■ What you have to do
When the line with "unfolding coord_convex_def K_def" appears below, start repeating lines exactly, and keep going through the line with "by (intro convexD_alt"; add nothing outside that span.

[Extracted data entries]
-------

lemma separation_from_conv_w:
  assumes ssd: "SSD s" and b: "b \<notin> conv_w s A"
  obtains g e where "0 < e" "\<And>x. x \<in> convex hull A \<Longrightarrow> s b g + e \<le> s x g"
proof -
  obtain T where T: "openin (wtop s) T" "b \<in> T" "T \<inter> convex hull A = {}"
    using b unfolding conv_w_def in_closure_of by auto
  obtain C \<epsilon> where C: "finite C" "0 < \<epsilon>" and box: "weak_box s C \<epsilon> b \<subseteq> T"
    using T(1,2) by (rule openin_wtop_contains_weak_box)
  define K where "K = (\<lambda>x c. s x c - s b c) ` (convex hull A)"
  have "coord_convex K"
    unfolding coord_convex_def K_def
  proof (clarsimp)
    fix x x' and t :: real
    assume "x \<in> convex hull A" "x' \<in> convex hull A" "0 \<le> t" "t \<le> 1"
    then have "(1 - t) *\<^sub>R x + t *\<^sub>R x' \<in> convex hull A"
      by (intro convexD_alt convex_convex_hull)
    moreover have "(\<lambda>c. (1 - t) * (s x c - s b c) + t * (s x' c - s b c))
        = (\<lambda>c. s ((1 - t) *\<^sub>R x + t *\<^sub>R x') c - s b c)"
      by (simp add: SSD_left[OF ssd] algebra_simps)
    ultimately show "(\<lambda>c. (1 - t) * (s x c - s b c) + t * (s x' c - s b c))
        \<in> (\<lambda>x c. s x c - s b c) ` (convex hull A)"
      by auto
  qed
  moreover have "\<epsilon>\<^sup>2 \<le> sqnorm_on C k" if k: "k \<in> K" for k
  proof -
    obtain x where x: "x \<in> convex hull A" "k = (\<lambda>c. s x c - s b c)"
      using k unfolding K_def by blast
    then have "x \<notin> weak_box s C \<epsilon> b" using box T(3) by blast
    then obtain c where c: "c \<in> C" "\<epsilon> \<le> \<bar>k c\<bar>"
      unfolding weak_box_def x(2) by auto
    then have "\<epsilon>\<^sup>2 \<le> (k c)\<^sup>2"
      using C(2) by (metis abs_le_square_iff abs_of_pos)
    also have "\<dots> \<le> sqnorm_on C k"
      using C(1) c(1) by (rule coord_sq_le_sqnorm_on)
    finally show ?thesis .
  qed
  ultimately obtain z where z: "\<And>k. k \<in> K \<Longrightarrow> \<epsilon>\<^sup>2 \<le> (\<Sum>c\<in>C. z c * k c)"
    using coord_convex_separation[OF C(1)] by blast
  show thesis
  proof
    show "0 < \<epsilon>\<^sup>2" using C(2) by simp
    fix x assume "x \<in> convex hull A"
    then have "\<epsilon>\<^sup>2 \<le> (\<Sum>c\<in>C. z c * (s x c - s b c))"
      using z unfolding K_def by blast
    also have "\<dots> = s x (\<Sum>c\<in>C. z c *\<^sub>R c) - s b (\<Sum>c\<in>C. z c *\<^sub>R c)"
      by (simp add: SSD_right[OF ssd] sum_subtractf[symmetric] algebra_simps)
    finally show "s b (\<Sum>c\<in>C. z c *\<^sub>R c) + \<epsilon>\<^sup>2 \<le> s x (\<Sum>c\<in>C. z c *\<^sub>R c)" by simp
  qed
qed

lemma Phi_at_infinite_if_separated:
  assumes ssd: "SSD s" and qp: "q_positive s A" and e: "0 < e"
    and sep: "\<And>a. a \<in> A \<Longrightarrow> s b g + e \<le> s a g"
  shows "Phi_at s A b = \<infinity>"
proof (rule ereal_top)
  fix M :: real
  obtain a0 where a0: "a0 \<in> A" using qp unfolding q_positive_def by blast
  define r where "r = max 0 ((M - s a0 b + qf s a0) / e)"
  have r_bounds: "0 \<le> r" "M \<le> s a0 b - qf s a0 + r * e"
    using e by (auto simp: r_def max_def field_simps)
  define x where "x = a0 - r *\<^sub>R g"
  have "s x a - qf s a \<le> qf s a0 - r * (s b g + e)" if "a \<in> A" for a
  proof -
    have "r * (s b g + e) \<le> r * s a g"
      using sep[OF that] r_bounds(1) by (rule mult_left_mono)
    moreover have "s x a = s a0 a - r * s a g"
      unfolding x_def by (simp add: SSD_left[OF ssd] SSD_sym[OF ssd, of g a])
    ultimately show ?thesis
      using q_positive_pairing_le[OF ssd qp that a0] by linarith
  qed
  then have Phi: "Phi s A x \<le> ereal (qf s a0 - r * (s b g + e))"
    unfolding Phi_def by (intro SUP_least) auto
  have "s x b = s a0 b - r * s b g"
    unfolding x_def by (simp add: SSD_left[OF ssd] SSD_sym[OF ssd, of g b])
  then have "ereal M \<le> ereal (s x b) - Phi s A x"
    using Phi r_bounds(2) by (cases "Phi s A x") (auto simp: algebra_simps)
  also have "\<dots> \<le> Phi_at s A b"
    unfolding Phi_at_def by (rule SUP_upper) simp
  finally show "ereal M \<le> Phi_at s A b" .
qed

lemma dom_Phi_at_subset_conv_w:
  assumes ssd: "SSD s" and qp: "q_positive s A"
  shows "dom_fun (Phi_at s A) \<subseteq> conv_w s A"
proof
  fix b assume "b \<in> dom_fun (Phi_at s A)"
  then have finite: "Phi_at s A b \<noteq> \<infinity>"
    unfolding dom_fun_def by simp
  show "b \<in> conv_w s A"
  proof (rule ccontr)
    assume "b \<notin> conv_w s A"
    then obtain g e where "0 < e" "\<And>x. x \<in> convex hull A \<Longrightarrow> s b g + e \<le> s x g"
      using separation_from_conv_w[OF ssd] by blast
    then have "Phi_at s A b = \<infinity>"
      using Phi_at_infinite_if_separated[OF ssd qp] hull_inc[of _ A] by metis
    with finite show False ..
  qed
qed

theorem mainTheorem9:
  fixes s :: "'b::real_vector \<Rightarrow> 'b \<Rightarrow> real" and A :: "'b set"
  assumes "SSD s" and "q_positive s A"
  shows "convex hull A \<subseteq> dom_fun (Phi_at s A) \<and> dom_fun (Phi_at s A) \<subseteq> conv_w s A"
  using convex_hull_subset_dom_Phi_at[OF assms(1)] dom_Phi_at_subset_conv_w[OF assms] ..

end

-------

■ Output for this task
    unfolding coord_convex_def K_def
  proof (clarsimp)
    fix x x' and t :: real
    assume "x \<in> convex hull A" "x' \<in> convex hull A" "0 \<le> t" "t \<le> 1"
    then have "(1 - t) *\<^sub>R x + t *\<^sub>R x' \<in> convex hull A"
      by (intro convexD_alt convex_convex_hull)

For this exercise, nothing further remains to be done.